# 3.3. Nested-if statements#

In the previous section, we developed the following program that printed to the user if they’re eligible to work in Ontario, Canada based on their age. We wrote an if-else statement inside the else of another if-statement. This is referred to as a nested-if statement. Nested-if statements are useful when we want to check multiple conditions as we observed in the previous section.

Not elegant code

#include <stdio.h>
int main(void) {
int age = 0;
scanf("%d", &age);

if (age < 14) {
printf("You are not yet eligible to work.");
} else {
// Note! age >= 14 is redundant, in the following condition
// since the else block will be executed only if age >= 14
if (age >= 14 && age <= 16) {
printf("You are eligible to work only outside school hours.");
} else {
printf("You are eligible to work.");
}
}
return 0;
}


In the following code, we wrote a more elegant code. In line 9, we can see else if (<condition>), which is evaluated only if the condition in the preceding if statement is false. This is also called a nested-if statement, but it is more readable and elegant.

More elegant code

 1#include <stdio.h>
2int main(void) {
3  int age = 0;
5  scanf("%d", &age);
6
7  if (age < 14) {
8    printf("You are not yet eligible to work in Ontario.");
9  } else if (age >= 14 &&
10             age <= 16) {  // Can omit age >=14, since it is redundant
11    printf("You are eligible to work only outside school hours.");
12  } else {
13    printf("You are eligible to work in Ontario.");
14  }
15  return 0;
16}


## 3.3.1. Longer nested-if statements#

Let’s develop a C program that finds the maximum of three ints x, y and z and stores the maximum int in a variable named max.

Step 1: Toy example. Let’s say we have x = 3, y = 4 and z = 5. The maximum is expected to be z.

Step 2: Think of a solution. We can compare two ints first, and then the maximum of them can be compared with the third int. For example, we compare x and y, and the larger number gets compared with z.

Step 3: Decompose solution into steps. First, we compare x and y. If x is larger, we compare x and z. If y is larger, we compare y and z. Second, we compare the maximum of x and y with z. If the maximum is larger, we print the maximum. If z is larger, we print z.

Step 4: Draw your solution. The following flow chart shows the steps of the solution.

Step 5: Make sure your steps works on other toy examples. Try a toy example with the maximum number in a different variable. For example, x = 5, y = 3 and z = 4. The maximum is expected to be x.
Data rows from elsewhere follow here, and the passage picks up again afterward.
(* Let $\mathcal X$ be a countable space with the discrete metric and $\mathcal Y$ a Polish space. If a sequence $\{\mu_n\}_{n\in\mathbb N}$ of probability measures on $\mathcal X\times\mathcal Y$ converges to a probability measure $\mu$ in total variation norm, i.e. $\|\mu_n-\mu\|_{TV}\to0$ where $\|\nu\|_{TV}=\sup\{\int f\,d\nu: f:\mathcal X\times\mathcal Y\to[-1,1]\text{ Borel}\}$, then $\mu_n\to\mu$ in $\wp_I(\mathcal X\times\mathcal Y)$.
   Context: For a Polish space $\mathcal S$, $\wp(\mathcal S)$ denotes the Borel probability measures and $\wp_w(\mathcal S)$ this set with the weak-* topology (weakest topology making $\mu\mapsto\int g\,d\mu$ continuous for all bounded continuous $g$). For $\mu\in\wp(\mathcal X\times\mathcal Y)$, $\mu^{\mathcal X}$ is the marginal and $\mu(\cdot\mid x)$ a regular conditional distribution on $\mathcal Y$ given $x$. Let $\psi(\mu)\in\wp(\mathcal X\times\wp_w(\mathcal Y))$ be $\psi(\mu)(dx,d\zeta)=\delta_{\mu(\cdot\mid x)}(d\zeta)\mu^{\mathcal X}(dx)$. The topology of information on $\wp(\mathcal X\times\mathcal Y)$ is the coarsest topology making $\psi$ continuous into $\wp_w(\mathcal X\times\wp_w(\mathcal Y))$; $\wp_I(\mathcal X\times\mathcal Y)$ denotes $\wp(\mathcal X\times\mathcal Y)$ with it. *)

theory Defs
  imports "HOL-Probability.Probability"
begin

definition borel_of :: "'a topology \<Rightarrow> 'a measure" where
  "borel_of T = sigma (topspace T) {U. openin T U}"

definition prob_measures :: "'b::topological_space measure set" where
  "prob_measures = {M. prob_space M \<and> sets M = sets (borel :: 'b measure)}"

definition weak_topology :: "'b::topological_space measure topology" where
  "weak_topology = topology_generated_by
     (insert prob_measures
       {{M \<in> prob_measures. (\<integral>y. g y \<partial>M) \<in> U} | g U.
          continuous_on UNIV g \<and> bounded (range g) \<and> open (U :: real set)})"

definition XY_space :: "('a::countable \<times> 'b::polish_space) measure" where
  "XY_space = count_space UNIV \<Otimes>\<^sub>M borel"

definition marginal :: "('a::countable \<times> 'b) measure \<Rightarrow> 'a measure" where
  "marginal \<mu> = distr \<mu> (count_space UNIV) fst"

definition is_rcd :: "('a::countable \<times> 'b::polish_space) measure \<Rightarrow> ('a \<Rightarrow> 'b measure) \<Rightarrow> bool" where
  "is_rcd \<mu> \<kappa> \<longleftrightarrow> (\<forall>x. \<kappa> x \<in> prob_measures) \<and>
     (\<forall>A B. B \<in> sets borel \<longrightarrow>
        measure \<mu> (A \<times> B) = (\<integral>x. indicator A x * measure (\<kappa> x) B \<partial>marginal \<mu>))"

definition XP_topology :: "('a \<times> 'b::topological_space measure) topology" where
  "XP_topology = prod_topology (discrete_topology UNIV) weak_topology"

text \<open>psi(mu) = delta_{mu(.|x)}(d zeta) mu^X(dx), a measure on X \<times> P_w(Y).\<close>
definition psi :: "('a::countable \<times> 'b::polish_space) measure \<Rightarrow> ('a \<Rightarrow> 'b measure)
    \<Rightarrow> ('a \<times> 'b measure) measure" where
  "psi \<mu> \<kappa> = distr (marginal \<mu>) (borel_of XP_topology) (\<lambda>x. (x, \<kappa> x))"

definition weak_conv :: "'c topology \<Rightarrow> (nat \<Rightarrow> 'c measure) \<Rightarrow> 'c measure \<Rightarrow> bool" where
  "weak_conv T Ms M \<longleftrightarrow> (\<forall>g. continuous_map T euclideanreal g \<and> bounded (g ` topspace T) \<longrightarrow>
      (\<lambda>n. \<integral>z. g z \<partial>Ms n) \<longlonglongrightarrow> (\<integral>z. g z \<partial>M))"

definition tv_dist :: "('a::countable \<times> 'b::polish_space) measure \<Rightarrow> ('a \<times> 'b) measure \<Rightarrow> real" where
  "tv_dist \<nu> \<mu> = (SUP f \<in> {f \<in> borel_measurable XY_space. \<forall>z. \<bar>f z\<bar> \<le> 1}.
      (\<integral>z. f z \<partial>\<nu>) - (\<integral>z. f z \<partial>\<mu>))"

end

theory Submission
  imports Defs
begin

text \<open>
  For bounded continuous \<open>g\<close> on \<open>X \<times> P(Y)\<close>, integrating \<open>g\<close> against \<open>psi \<mu>\<close> means
  integrating \<open>x \<mapsto> g(x, \<mu>(\<cdot>|x))\<close> against the marginal of \<open>\<mu>\<close>. Total variation
  convergence controls integrals of bounded Borel functions uniformly, so replacing the marginal
  of \<open>\<mu>\<^sub>n\<close> by that of \<open>\<mu>\<close> costs at most \<open>sup |g| \<cdot> \<parallel>\<mu>\<^sub>n - \<mu>\<parallel>\<^sub>T\<^sub>V\<close>.
  At an atom \<open>x\<close> of positive mass, \<open>\<integral>h d\<mu>\<^sub>n(\<cdot>|x)\<close> is the integral of \<open>h(y)\<close> over
  \<open>{x} \<times> Y\<close> divided by the mass of \<open>x\<close>, and numerator and denominator both converge;
  hence \<open>\<mu>\<^sub>n(\<cdot>|x) \<rightarrow> \<mu>(\<cdot>|x)\<close> weakly there, and dominated convergence over the
  countably many atoms of the marginal of \<open>\<mu>\<close> finishes the proof.
\<close>

lemma space_XY_space: "space (XY_space :: ('a::countable \<times> 'b::polish_space) measure) = UNIV"
  by (simp add: XY_space_def space_pair_measure)

lemma space_eq_UNIV_if_sets_XY_space:
  fixes M :: "('a::countable \<times> 'b::polish_space) measure"
  assumes "sets M = sets XY_space"
  shows "space M = UNIV"
  using sets_eq_imp_space_eq[OF assms] space_XY_space by simp

lemma measurable_cong_XY_space:
  fixes M :: "('a::countable \<times> 'b::polish_space) measure"
  assumes "sets M = sets XY_space"
  shows "measurable M N = measurable XY_space N"
  using assms by (intro measurable_cong_sets) auto

lemma slice_in_sets_XY_space:
  "B \<in> sets borel \<Longrightarrow> {x} \<times> B \<in> sets (XY_space :: ('a::countable \<times> 'b::polish_space) measure)"
  unfolding XY_space_def by (rule pair_measureI) auto

lemma abs_integral_le_1_prob:
  assumes "prob_space M" "h \<in> borel_measurable M" "\<And>z. \<bar>h z\<bar> \<le> (1::real)"
  shows "\<bar>\<integral>z. h z \<partial>M\<bar> \<le> 1"
proof -
  interpret prob_space M by fact
  have int: "integrable M h" using assms by (intro integrable_const_bound[where B=1]) auto
  have "(\<integral>z. h z \<partial>M) \<le> 1" using assms by (intro integral_le_const int) (auto simp: abs_le_iff)
  moreover have "-1 \<le> (\<integral>z. h z \<partial>M)" using assms
    by (intro integral_ge_const int) (auto simp: abs_le_iff)
  ultimately show ?thesis by auto
qed

subsection \<open>Total variation\<close>

lemma integral_diff_le_tv_dist:
  fixes M N :: "('a::countable \<times> 'b::polish_space) measure"
  assumes M: "prob_space M" "sets M = sets XY_space" and N: "prob_space N" "sets N = sets XY_space"
    and f: "f \<in> borel_measurable XY_space" "\<And>z. \<bar>f z\<bar> \<le> 1"
  shows "(\<integral>z. f z \<partial>M) - (\<integral>z. f z \<partial>N) \<le> tv_dist M N"
proof -
  define S where "S = {f \<in> (borel_measurable XY_space :: ('a \<times> 'b \<Rightarrow> real) set). \<forall>z. \<bar>f z\<bar> \<le> 1}"
  have "(\<integral>z. h z \<partial>M) - (\<integral>z. h z \<partial>N) \<le> 2" if "h \<in> S" for h
  proof -
    have "\<bar>\<integral>z. h z \<partial>M\<bar> \<le> 1" "\<bar>\<integral>z. h z \<partial>N\<bar> \<le> 1"
      using that M N
      by (auto intro!: abs_integral_le_1_prob
          simp: S_def measurable_cong_XY_space[OF M(2)] measurable_cong_XY_space[OF N(2)])
    then show ?thesis by linarith
  qed
  then have "bdd_above ((\<lambda>h. (\<integral>z. h z \<partial>M) - (\<integral>z. h z \<partial>N)) ` S)"
    by (intro bdd_aboveI[where M=2]) auto
  moreover have "f \<in> S" using f by (simp add: S_def)
  ultimately show ?thesis
    unfolding tv_dist_def S_def[symmetric] by (rule cSUP_upper2) auto
qed

lemma abs_integral_diff_le_tv_dist:
  fixes M N :: "('a::countable \<times> 'b::polish_space) measure"
  assumes M: "prob_space M" "sets M = sets XY_space" and N: "prob_space N" "sets N = sets XY_space"
    and f: "f \<in> borel_measurable XY_space" "\<And>z. \<bar>f z\<bar> \<le> C" and C: "C > 0"
  shows "\<bar>(\<integral>z. f z \<partial>M) - (\<integral>z. f z \<partial>N)\<bar> \<le> C * tv_dist M N"
proof -
  have "\<bar>f z / C\<bar> \<le> 1 \<and> \<bar>- f z / C\<bar> \<le> 1" for z
    using f(2)[of z] C by (simp add: abs_divide abs_of_pos)
  moreover have "(\<lambda>z. f z / C) \<in> borel_measurable XY_space" "(\<lambda>z. - f z / C) \<in> borel_measurable XY_space"
    using f(1) by simp_all
  ultimately have "(\<integral>z. f z / C \<partial>M) - (\<integral>z. f z / C \<partial>N) \<le> tv_dist M N"
    "(\<integral>z. - f z / C \<partial>M) - (\<integral>z. - f z / C \<partial>N) \<le> tv_dist M N"
    by (blast intro: integral_diff_le_tv_dist[OF M N])+
  then have "(\<integral>z. f z \<partial>M) / C - (\<integral>z. f z \<partial>N) / C \<le> tv_dist M N"
    "- ((\<integral>z. f z \<partial>M) / C) + (\<integral>z. f z \<partial>N) / C \<le> tv_dist M N"
    by simp_all
  then show ?thesis using C by (auto simp: field_simps abs_le_iff)
qed

lemma tendsto_integral_diff_tv_dist:
  fixes Ms :: "nat \<Rightarrow> ('a::countable \<times> 'b::polish_space) measure"
    and f :: "nat \<Rightarrow> 'a \<times> 'b \<Rightarrow> real"
  assumes Ms: "\<And>n. prob_space (Ms n)" "\<And>n. sets (Ms n) = sets XY_space"
    and N: "prob_space N" "sets N = sets XY_space"
    and tv: "(\<lambda>n. tv_dist (Ms n) N) \<longlonglongrightarrow> 0"
    and f: "\<And>n. f n \<in> borel_measurable XY_space" "\<And>n z. \<bar>f n z\<bar> \<le> C"
  shows "(\<lambda>n. (\<integral>z. f n z \<partial>Ms n) - (\<integral>z. f n z \<partial>N)) \<longlonglongrightarrow> 0"
proof (rule Lim_null_comparison)
  have "\<bar>f n z\<bar> \<le> max C 1" for n z using f(2)[of n z] by linarith
  from abs_integral_diff_le_tv_dist[OF Ms N f(1) this]
  show "\<forall>\<^sub>F n in sequentially.
      norm ((\<integral>z. f n z \<partial>Ms n) - (\<integral>z. f n z \<partial>N)) \<le> max C 1 * tv_dist (Ms n) N"
    by simp
  show "(\<lambda>n. max C 1 * tv_dist (Ms n) N) \<longlonglongrightarrow> 0"
    using tendsto_mult_right_zero[OF tv] by simp
qed

lemma tendsto_integral_tv_dist:
  fixes Ms :: "nat \<Rightarrow> ('a::countable \<times> 'b::polish_space) measure"
    and f :: "'a \<times> 'b \<Rightarrow> real"
  assumes Ms: "\<And>n. prob_space (Ms n)" "\<And>n. sets (Ms n) = sets XY_space"
    and N: "prob_space N" "sets N = sets XY_space"
    and tv: "(\<lambda>n. tv_dist (Ms n) N) \<longlonglongrightarrow> 0"
    and f: "f \<in> borel_measurable XY_space" "\<And>z. \<bar>f z\<bar> \<le> C"
  shows "(\<lambda>n. \<integral>z. f z \<partial>Ms n) \<longlonglongrightarrow> (\<integral>z. f z \<partial>N)"
  using tendsto_integral_diff_tv_dist[OF Ms N tv, of "\<lambda>_. f" C] f
  by (simp add: LIM_zero_iff)

subsection \<open>Marginals and regular conditional distributions\<close>

lemma sets_marginal: "sets (marginal M) = sets (count_space UNIV)"
  by (simp add: marginal_def)

lemma measurable_marginal: "measurable (marginal M) N = measurable (count_space UNIV) N"
  by (rule measurable_cong_sets) (simp_all add: sets_marginal)

lemma integral_marginal:
  fixes M :: "('a::countable \<times> 'b::polish_space) measure" and F :: "'a \<Rightarrow> real"
  assumes "sets M = sets XY_space"
  shows "(\<integral>x. F x \<partial>marginal M) = (\<integral>z. F (fst z) \<partial>M)"
  unfolding marginal_def
  by (rule integral_distr) (simp_all add: measurable_cong_XY_space[OF assms] XY_space_def)

lemma prob_space_marginal:
  fixes M :: "('a::countable \<times> 'b::polish_space) measure"
  assumes "prob_space M" "sets M = sets XY_space"
  shows "prob_space (marginal M)"
  unfolding marginal_def
  by (rule prob_space.prob_space_distr[OF assms(1)])
    (simp add: measurable_cong_XY_space[OF assms(2)] XY_space_def)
Step 6: Write the code. The following code implements the steps of the flow chart. Download max-of-three-method1.c to get the following code.

Code

#include <stdio.h>
int main(void) {
int x = 0, y = 0, z = 0;
printf("Enter three integers: ");
scanf("%d %d %d", &x, &y, &z);

// Maximum of x and y
if (x > y) {
if (x > z) {
printf("The maximum is the first number entered: %d", x);
} else {
printf("The maximum is the third number entered: %d", z);
}
} else {
if (y > z) {
printf("The maximum is the second number entered: %d", y);
} else {
printf("The maximum is the third number entered: %d", z);
}
}
return 0;
}


Output

Enter three integers: 5 3 4
The maximum is the first number entered: 5


More elegant code can be written if we thought backwards. We can think of the condition that is true only if x is the maximum, i.e., (x > y && x > z) and the conditions that is true only if y is the maximum, i.e., (y > x && y > z) and else z is the maximum. The following code implements this idea. Download max-of-three-method2.c

Code

#include <stdio.h>
int main(void) {
int x = 0, y = 0, z = 0;
printf("Enter three integers: ");
scanf("%d %d %d", &x, &y, &z);

if (x > y && x > z) {
printf("The maximum is the first number entered: %d", x);
} else if (y > x && y > z) {
printf("The maximum is the second number entered: %d", y);
} else {
printf("The maximum is the third number entered: %d", z);
}
return 0;
}


Output

Enter three integers: 1 3 4
The maximum is the third number entered: 4


## 3.3.2. Dangling else problem#

The brackets {} in the if-statements are not necessary when the code block is one line. For example, the following code is valid without brackets {}.

Code without brackets {}

if (<condition>)
<statement>;
else
<statement>;


However, it is a good practice to use brackets {} to avoid an issue referred to as the dangling else problem. For example, in the following code, the else belongs to which if statement? By default, the else belongs to the if statement that is closest to it, if there were no brackets.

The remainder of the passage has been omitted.